On 6 December 2007, Odyssey Moon was the first team to register for the Google Lunar X Prize competition, an event that hopes to rekindle the efforts of humans to return to the Moon. The competition is referred to as "Moon 2.0" and is composed of other private organizations like Odyssey Moon Limited, the commercial lunar enterprise that makes up this team.[1] Each team will be competing for a $20 million first prize, a $5 million second prize, and additional $5 million in (potential) bonuses.[2] [3]

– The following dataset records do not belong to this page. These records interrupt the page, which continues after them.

lemma bnd_pt_Suc_mod:
  assumes "i < 3 * m"
  shows "bnd_pt (Suc m) (Suc i mod (3 * m)) = bnd_pt (Suc m) (Suc i)"
proof (cases "Suc i < 3 * m")
  case False
  with assms have "Suc i = 3 * m"
    by simp
  then show ?thesis
    by (simp add: bnd_pt_3m)
qed simp

lemma bnd_pt_in_tri_V: "i \<le> 3 * m \<Longrightarrow> bnd_pt (Suc m) i \<in> tri_V (Suc m)"
  by (erule bnd_pt_cases) (auto simp: tri_V_def)

lemma tri_E_bnd_pt_Suc:
  "i < 3 * m \<Longrightarrow> tri_E (Suc m) (bnd_pt (Suc m) i) (bnd_pt (Suc m) (Suc i))"
  unfolding tri_E_iff
  by (cases "i < m"; cases "i < 2 * m")
    (auto simp: tri_V_def bnd_pt_side1 bnd_pt_side2 bnd_pt_side3)

lemma bnd_pt_eq_iff:
  assumes "i \<le> 3 * m" "j \<le> 3 * m"
  shows "bnd_pt (Suc m) i = bnd_pt (Suc m) j \<longleftrightarrow> i = j \<or> {i, j} = {0, 3 * m}"
  by (rule bnd_pt_cases[OF assms(1)]; rule bnd_pt_cases[OF assms(2)]) (auto simp: doubleton_eq_iff)

lemma inj_on_bnd_pt:
  assumes "A \<subseteq> {..3 * m}" and "0 \<notin> A \<or> 3 * m \<notin> A"
  shows "inj_on (bnd_pt (Suc m)) A"
proof (rule inj_onI)
  fix i j assume "i \<in> A" "j \<in> A" "bnd_pt (Suc m) i = bnd_pt (Suc m) j"
  then show "i = j"
    using assms bnd_pt_eq_iff[of i m j] by (auto simp: doubleton_eq_iff)
qed

definition boundary_arc :: "nat \<Rightarrow> nat \<Rightarrow> nat \<Rightarrow> (int \<times> int) list" where
  "boundary_arc n a b = map (bnd_pt n) [a..<Suc b]"

definition boundary_edge :: "nat \<Rightarrow> nat \<Rightarrow> (int \<times> int) set" where
  "boundary_edge n k = {bnd_pt n k, bnd_pt n (Suc k)}"

lemma set_boundary_arc: "set (boundary_arc n a b) = bnd_pt n ` {a..b}"
  by (auto simp: boundary_arc_def atLeastLessThanSuc_atLeastAtMost)

lemma length_boundary_arc: "length (boundary_arc n a b) = Suc b - a"
  by (simp add: boundary_arc_def del: upt_Suc)

lemma nth_boundary_arc: "k \<le> b - a \<Longrightarrow> a \<le> b \<Longrightarrow> boundary_arc n a b ! k = bnd_pt n (a + k)"
  by (simp add: boundary_arc_def nth_map_upt del: upt_Suc)

lemma hd_boundary_arc: "a \<le> b \<Longrightarrow> hd (boundary_arc n a b) = bnd_pt n a"
  by (simp add: boundary_arc_def hd_map del: upt_Suc)

lemma last_boundary_arc: "a \<le> b \<Longrightarrow> last (boundary_arc n a b) = bnd_pt n b"
  by (simp add: boundary_arc_def)

lemma walk_boundary_arc:
  assumes "a \<le> b" "b \<le> 3 * m"
  shows "walk (tri_V (Suc m)) (tri_E (Suc m)) (boundary_arc (Suc m) a b)"
  unfolding walk_def
proof (intro conjI allI impI)
  show "boundary_arc (Suc m) a b \<noteq> []"
    using assms by (simp add: boundary_arc_def)
  show "set (boundary_arc (Suc m) a b) \<subseteq> tri_V (Suc m)"
    using assms bnd_pt_in_tri_V by (auto simp: set_boundary_arc)
  fix i assume "Suc i < length (boundary_arc (Suc m) a b)"
  then show "tri_E (Suc m) (boundary_arc (Suc m) a b ! i) (boundary_arc (Suc m) a b ! Suc i)"
    using assms tri_E_bnd_pt_Suc[of "a + i" m] by (simp add: length_boundary_arc nth_boundary_arc)
qed

lemma is_path_boundary_arc:
  assumes "a \<le> b" "b \<le> 3 * m" "0 < a \<or> b < 3 * m"
  shows "is_path (tri_V (Suc m)) (tri_E (Suc m)) (boundary_arc (Suc m) a b)"
proof -
  have "inj_on (bnd_pt (Suc m)) {a..<Suc b}"
    by (rule inj_on_bnd_pt) (use assms in auto)
  then show ?thesis
    using walk_boundary_arc[OF assms(1,2)]
    by (simp add: is_path_def boundary_arc_def distinct_map del: upt_Suc)
qed

lemma path_edges_boundary_arc:
  assumes "a \<le> b"
  shows "path_edges (boundary_arc n a b) = boundary_edge n ` {a..<b}"
proof -
  have "path_edges (boundary_arc n a b) = {boundary_edge n (a + i) | i. i < b - a}"
    unfolding path_edges_def boundary_edge_def using assms
    by (intro Collect_cong ex_cong1) (auto simp: length_boundary_arc nth_boundary_arc)
  also have "\<dots> = boundary_edge n ` (\<lambda>i. i + a) ` {0..<b - a}"
    unfolding image_image by (auto simp: add.commute)
  also have "\<dots> = boundary_edge n ` {a..<b}"
    using assms by simp
  finally show ?thesis .
qed
lemma CAT0_geodesics_meet:
  assumes "CAT0 X" "geodesic_path X g a b" "geodesic_path X h a c"
    and "s \<in> {0..dist a b}" "t \<in> {0..dist a c}" "g s = h t"
  shows "s = t" "\<And>u. u \<in> {0..s} \<Longrightarrow> g u = h u"
proof -
  have "dist a (g s) = s" "dist a (h t) = t"
    using geodesic_path_initial_segment assms by metis+
  then show "s = t"
    using assms(6) by simp
  show "g u = h u" if "u \<in> {0..s}" for u
    using CAT0_geodesic_unique[OF assms(1) geodesic_path_initial_segment(2)[OF assms(2,4)]]
      geodesic_path_initial_segment[OF assms(3,5)] assms(6) \<open>dist a (g s) = s\<close> that by auto
qed

text \<open>\<beta> is the largest common parameter; it exists because the set of common parameters is closed.\<close>
lemma CAT0_geodesics_branch_point:
  assumes "CAT0 X" "geodesic_path X g a b" "geodesic_path X h a c"
  obtains \<beta> where "0 \<le> \<beta>" "\<beta> \<le> dist a b" "\<beta> \<le> dist a c"
    "\<And>s t. s \<in> {0..dist a b} \<Longrightarrow> t \<in> {0..dist a c} \<Longrightarrow> g s = h t \<longleftrightarrow> s = t \<and> s \<le> \<beta>"
proof -
  define I where "I = {0..min (dist a b) (dist a c)}"
  define S where "S = {t \<in> I. dist (g t) (h t) = 0}"
  have "continuous_on I g" "continuous_on I h"
    unfolding I_def using geodesic_path_continuous_on assms(2,3) continuous_on_subset
    by (metis atLeastatMost_subset_iff min.cobounded1 min.cobounded2 order_refl)+
  then have "closed S"
    unfolding S_def I_def by (intro continuous_closed_preimage_constant continuous_intros) auto
  moreover have "0 \<in> S" "bdd_above S"
    using geodesic_path_ends[OF assms(2)] geodesic_path_ends[OF assms(3)]
    by (auto simp: S_def I_def intro: bdd_aboveI[of _ "dist a b"])
  ultimately have "Sup S \<in> S"
    using closed_contains_Sup by blast
  show thesis
  proof (rule that[of "Sup S"])
    show "0 \<le> Sup S" "Sup S \<le> dist a b" "Sup S \<le> dist a c"
      using \<open>Sup S \<in> S\<close> by (auto simp: S_def I_def)
    fix s t assume st: "s \<in> {0..dist a b}" "t \<in> {0..dist a c}"
    show "g s = h t \<longleftrightarrow> s = t \<and> s \<le> Sup S"
    proof
      assume "g s = h t"
      with st have "s = t"
        using CAT0_geodesics_meet(1) assms by metis
      with st \<open>g s = h t\<close> have "s \<in> S"
        by (auto simp: S_def I_def)
      with \<open>s = t\<close> \<open>bdd_above S\<close> show "s = t \<and> s \<le> Sup S"
        by (simp add: cSup_upper)
    next
      assume "s = t \<and> s \<le> Sup S"
      moreover have "g (Sup S) = h (Sup S)" "Sup S \<in> {0..dist a b}" "Sup S \<in> {0..dist a c}"
        using \<open>Sup S \<in> S\<close> by (auto simp: S_def I_def)
      ultimately show "g s = h t"
        using CAT0_geodesics_meet(2)[OF assms, of "Sup S" "Sup S" s] st by auto
    qed
  qed
qed

section \<open>The coincidence pattern of a geodesic triangle\<close>

definition succ3 :: "nat \<Rightarrow> nat" where
  "succ3 i = Suc i mod 3"

lemma succ3_simps [simp]: "succ3 0 = 1" "succ3 1 = 2" "succ3 (Suc 0) = 2" "succ3 2 = 0" "succ3 i < 3"
  by (simp_all add: succ3_def)

lemma less_3_cases: "i < (3::nat) \<Longrightarrow> i = 0 \<or> i = 1 \<or> i = 2"
  by auto

lemma succ3_succ3_succ3 [simp]: "i < 3 \<Longrightarrow> succ3 (succ3 (succ3 i)) = i"
  by (auto simp: succ3_def dest!: less_3_cases)

lemma UN_less_3: "(\<Union>i<3. F i) = F 0 \<union> F 1 \<union> F (2::nat)"
proof -
  have "{..<3::nat} = {0, 1, 2}"
    by auto
  then show ?thesis
    by auto
qed

text \<open>Side i of a triangle runs from vertex i to vertex succ3 i, and \<kappa> i is the length of the
  spike at vertex i, along which the sides meeting there run together.\<close>
definition spiky_coincidences ::
    "(nat \<Rightarrow> real \<Rightarrow> 'a) \<Rightarrow> (nat \<Rightarrow> real) \<Rightarrow> (nat \<Rightarrow> real) \<Rightarrow> bool" where
  "spiky_coincidences \<gamma> L \<kappa> \<longleftrightarrow>
     (\<forall>i<3. 0 \<le> \<kappa> (succ3 i) \<and> \<kappa> (succ3 i) \<le> L i \<and> \<kappa> (succ3 i) \<le> L (succ3 i) \<and>
        inj_on (\<gamma> i) {0..L i} \<and>
        (\<forall>s\<in>{0..L i}. \<forall>t\<in>{0..L (succ3 i)}.
           \<gamma> i s = \<gamma> (succ3 i) t \<longleftrightarrow> s + t = L i \<and> t \<le> \<kappa> (succ3 i)))"

lemma CAT0_spiky_coincidences:
  assumes "CAT0 X" and geo: "\<And>i. i < 3 \<Longrightarrow> geodesic_path X (\<gamma> i) (v i) (v (succ3 i))"
  defines "L \<equiv> \<lambda>i. dist (v i) (v (succ3 i))"
  obtains \<kappa> where "spiky_coincidences \<gamma> L \<kappa>"
proof -
  define P where "P i \<beta> \<longleftrightarrow> 0 \<le> \<beta> \<and> \<beta> \<le> L i \<and> \<beta> \<le> L (succ3 i) \<and>
     (\<forall>s\<in>{0..L i}. \<forall>t\<in>{0..L (succ3 i)}. \<gamma> i s = \<gamma> (succ3 i) t \<longleftrightarrow> s + t = L i \<and> t \<le> \<beta>)" for i \<beta>
  have "\<exists>\<beta>. P i \<beta>" if "i < 3" for i
  proof -
    have rev: "geodesic_path X (\<lambda>t. \<gamma> i (L i - t)) (v (succ3 i)) (v i)"
      unfolding L_def using geodesic_path_reverse geo that by blast
    have "dist (v (succ3 i)) (v (succ3 (succ3 i))) = L (succ3 i)" "dist (v (succ3 i)) (v i) = L i"
      by (simp_all add: L_def dist_commute)
    from CAT0_geodesics_branch_point[OF assms(1) geo[OF succ3_simps(5)] rev, unfolded this]
    obtain \<beta> where \<beta>: "0 \<le> \<beta>" "\<beta> \<le> L (succ3 i)" "\<beta> \<le> L i"
      "\<And>t s. t \<in> {0..L (succ3 i)} \<Longrightarrow> s \<in> {0..L i} \<Longrightarrow>
         \<gamma> (succ3 i) t = \<gamma> i (L i - s) \<longleftrightarrow> t = s \<and> t \<le> \<beta>"
      by blast
    have "\<gamma> i s = \<gamma> (succ3 i) t \<longleftrightarrow> s + t = L i \<and> t \<le> \<beta>"
      if "s \<in> {0..L i}" "t \<in> {0..L (succ3 i)}" for s t
      using \<beta>(4)[of t "L i - s"] that by auto
    with \<beta> show ?thesis
      unfolding P_def by blast
  qed
  then obtain b where b: "\<And>i. i < 3 \<Longrightarrow> P i (b i)"
    by metis
  \<comment> \<open>b i is the spike length at the final vertex succ3 i of side i\<close>
  have "spiky_coincidences \<gamma> L (\<lambda>j. b (succ3 (succ3 j)))"
    unfolding spiky_coincidences_def
    using b geodesic_path_inj_on[OF geo] by (simp add: P_def L_def)
  then show thesis ..
qed

lemma spiky_coincidences_nonneg:
  assumes "spiky_coincidences \<gamma> L \<kappa>" "i < 3"
  shows "0 \<le> \<kappa> i"
  using assms unfolding spiky_coincidences_def by (metis succ3_simps(5) succ3_succ3_succ3)

text \<open>A point u of side i that lies on the spikes at both of its ends is also on the third side.\<close>
lemma spiky_coincidences_overlap:
  assumes "spiky_coincidences \<gamma> L \<kappa>" "i < 3"
    and "0 \<le> u" "L i - \<kappa> (succ3 i) \<le> u" "u \<le> \<kappa> i"
  defines "j \<equiv> succ3 i" and "k \<equiv> succ3 (succ3 i)"
  shows "(L i - u) + (L k - u) = L j \<and> L k - u \<le> \<kappa> k"
proof -
  have jk: "j < 3" "k < 3" "succ3 k = i" "succ3 j = k"
    using assms(2) by (simp_all add: j_def k_def)
  note C = assms(1)[unfolded spiky_coincidences_def, rule_format]
  have "\<kappa> i \<le> L k" "\<kappa> i \<le> L i" "\<kappa> j \<le> L j"
    using C[OF \<open>k < 3\<close>] C[OF assms(2)] jk by (simp_all add: j_def)
  then have "\<gamma> i u = \<gamma> j (L i - u)" "\<gamma> k (L k - u) = \<gamma> i u"
    using C[of i] C[of k] assms(3-5) jk by (auto simp: j_def)
  then have "\<gamma> j (L i - u) = \<gamma> k (L k - u)"
    by simp
  then show ?thesis
    using C[of j] jk assms(3-5) \<open>\<kappa> i \<le> L k\<close> \<open>\<kappa> j \<le> L j\<close> \<open>\<kappa> i \<le> L i\<close> by auto
qed

text \<open>Otherwise the overlap equation would hold for two different values of u.\<close>
lemma spiky_coincidences_spikes_le:
  assumes "spiky_coincidences \<gamma> L \<kappa>" "i < 3"
  shows "\<kappa> i + \<kappa> (succ3 i) \<le> L i"
proof (rule ccontr)
  assume gt: "\<not> ?thesis"
  have "0 \<le> \<kappa> i" "\<kappa> (succ3 i) \<le> L i"
    using spiky_coincidences_nonneg[OF assms] assms unfolding spiky_coincidences_def by auto
  define u where "u = max 0 (L i - \<kappa> (succ3 i))"
  have "u < \<kappa> i"
    using gt \<open>\<kappa> (succ3 i) \<le> L i\<close> by (auto simp: u_def)
  then have "(L i - u) + (L (succ3 (succ3 i)) - u) = L (succ3 i)"
    "(L i - \<kappa> i) + (L (succ3 (succ3 i)) - \<kappa> i) = L (succ3 i)"
    using spiky_coincidences_overlap[OF assms, of u] spiky_coincidences_overlap[OF assms, of "\<kappa> i"]
      \<open>0 \<le> \<kappa> i\<close> gt by (auto simp: u_def)
  with \<open>u < \<kappa> i\<close> show False
    by linarith
qed

lemma spiky_coincidences_no_gap_succ3:
  assumes "spiky_coincidences \<gamma> L \<kappa>" "i < 3" "\<kappa> i + \<kappa> (succ3 i) = L i"
  shows "\<kappa> (succ3 i) + \<kappa> (succ3 (succ3 i)) = L (succ3 i)"
proof -
  have "\<kappa> (succ3 (succ3 i)) + \<kappa> i \<le> L (succ3 (succ3 i))"
    using spiky_coincidences_spikes_le[OF assms(1) succ3_simps(5), of "succ3 i"] assms(2) by simp
  then show ?thesis
    using spiky_coincidences_overlap[OF assms(1,2), of "\<kappa> i"] spiky_coincidences_nonneg[OF assms(1,2)]
      assms(3) by auto
qed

Odyssey Moon Limited is based on the Isle of Man,[1] and is the design of Robert D. Richards.[2] His goals include developing the first commercial enterprise that utilizes the energy and resources on the Moon.[4] To achieve this end, the team enlisted the part-time consultant services of Alan Stern, NASA's former top-rank planetary scientist.[5] On 22 September 2008, another veteran of NASA joined Odyssey Moon. Jay F. Honeycutt was named president and will be responsible for all programs and commercial launch operations. He brings a great deal of expertise in managing large scale engineering operations. His experience at NASA was diverse. He was director of the Kennedy Space Center for several years and was director of Shuttle Management and Operations for more than five years. Outside NASA, another part of his forty years of professional experience was as president of Lockheed Martin Space Operations from 1997-2004.[6]
The team's goals are to build and deploy a robotic lander that will deliver exploration as well as scientific payloads to the Moon. The new lander/spacecraft has been dubbed "MoonOne (M-1)".[7] These efforts have been contracted to MacDonald Dettwiler, a Canadian corporation with a successful history of providing technical space solutions for several NASA projects including the Space Shuttle and the International Space Station.[1]
The Planetary Society, an international space interest group co-founded by Carl Sagan, joined Odyssey Moon's efforts in 2007, specifically with public outreach and coordination between public and private organizations.[8]
Colin Pillinger, a scientist with a background in studying meteorites, led the European Space Agency's failed Beagle 2 Mars lander project in 2003. In 2009 he was in discussion with Odyssey Moon regarding the use of an identical version of Beagle's most powerful instrument on their lander.